Input records Block Start

lemma transvection_gtype:
  assumes a: "a \<in> Lam n lam" and ij: "i \<in> {1..n}" "j \<in> {1..n}"
    and x: "x \<in> gtype p n lam a" and less: "a j < a i - (lam i - lam j)"
  shows "transvection (int p ^ (lam j - lam i)) i j x
    \<in> gtype p n lam (a(j := a i - (lam i - lam j)))"
proof -
  have "cyclic_order_exp p (lam i) (a i) (x i)" "cyclic_order_exp p (lam j) (a j) (x j)"
    using x ij by (simp_all add: gtype_iff)
  then have "cyclic_order_exp p (lam j) (a i - (lam i - lam j)) (x j + int p ^ (lam j - lam i) * x i)"
    using cyclic_order_exp_shear[OF prime] Lam_le[OF a] ij less by blast
  then show ?thesis
    using x ij transvection_carrier[OF ij(2)]
    by (auto simp: gtype_iff transvection_def cyclic_order_exp_mod)
qed

lemma automorphic_to_closure:
  assumes "a \<in> Lam n lam" "x \<in> gtype p n lam a"
  shows "\<exists>\<phi>\<in>iso G G. \<phi> x \<in> gtype p n lam (tuple_closure n lam a)"
  using assms
proof (induction "\<Sum>k\<in>{1..n}. lam k - a k" arbitrary: a x rule: less_induct)
  case less
  note a = less.prems(1) and x = less.prems(2)
  show ?case
  proof (cases "closed_tuple n lam a")
    case True
    then show ?thesis using x tuple_closure_closed_eq[OF a] iso_set_refl by fastforce
  next
    case False
    then obtain i j where ij: "i \<in> {1..n}" "j \<in> {1..n}" and less_ij: "a j < a i - (lam i - lam j)"
      unfolding closed_tuple_def by (auto simp: not_le)
    define a' where "a' = a(j := a i - (lam i - lam j))"
    define \<tau> where "\<tau> = transvection (int p ^ (lam j - lam i)) i j"
    have "a i \<le> lam i" using Lam_le[OF a ij(1)] .
    then have a': "a' \<in> Lam n lam" using a ij(2) unfolding a'_def Lam_def by auto
    have "(\<Sum>k\<in>{1..n}. lam k - a' k) < (\<Sum>k\<in>{1..n}. lam k - a k)"
    proof (rule sum_strict_mono_ex1)
      show "\<forall>k\<in>{1..n}. lam k - a' k \<le> lam k - a k" using less_ij unfolding a'_def by auto
      show "\<exists>k\<in>{1..n}. lam k - a' k < lam k - a k"
        using less_ij ij \<open>a i \<le> lam i\<close> unfolding a'_def by (intro bexI[of _ j]) auto
    qed simp
    moreover have "\<tau> x \<in> gtype p n lam a'"
      unfolding \<tau>_def a'_def using transvection_gtype[OF a ij x less_ij] .
    ultimately obtain \<phi> where \<phi>: "\<phi> \<in> iso G G" "\<phi> (\<tau> x) \<in> gtype p n lam (tuple_closure n lam a')"
      using less.hyps a' by blast
    have \<tau>: "\<tau> \<in> iso G G" unfolding \<tau>_def using ij less_ij by (intro transvection_pow_iso) auto
    have "a i - (lam i - lam j) \<le> tuple_closure n lam a j"
      using tuple_closure_ge[OF ij] .
    then have "tuple_closure n lam a' = tuple_closure n lam a"
      using less_ij tuple_closure_ge_self[where a = a]
      unfolding a'_def by (intro tuple_closure_eqI) auto
    then show ?thesis using \<phi> iso_set_trans[OF \<tau> \<phi>(1)] by (metis comp_apply)
  qed
qed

Input records Block End

What to do>
From the line containing "unfolding \<tau>_def a'_def" down to the last line of the data, transcribe every line exactly; nothing else should appear.

Task response>
      unfolding \<tau>_def a'_def using transvection_gtype[OF a ij x less_ij] .
    ultimately obtain \<phi> where \<phi>: "\<phi> \<in> iso G G" "\<phi> (\<tau> x) \<in> gtype p n lam (tuple_closure n lam a')"
      using less.hyps a' by blast
    have \<tau>: "\<tau> \<in> iso G G" unfolding \<tau>_def using ij less_ij by (intro transvection_pow_iso) auto
    have "a i - (lam i - lam j) \<le> tuple_closure n lam a j"
      using tuple_closure_ge[OF ij] .
    then have "tuple_closure n lam a' = tuple_closure n lam a"
      using less_ij tuple_closure_ge_self[where a = a]
      unfolding a'_def by (intro tuple_closure_eqI) auto
    then show ?thesis using \<phi> iso_set_trans[OF \<tau> \<phi>(1)] by (metis comp_apply)
  qed
qed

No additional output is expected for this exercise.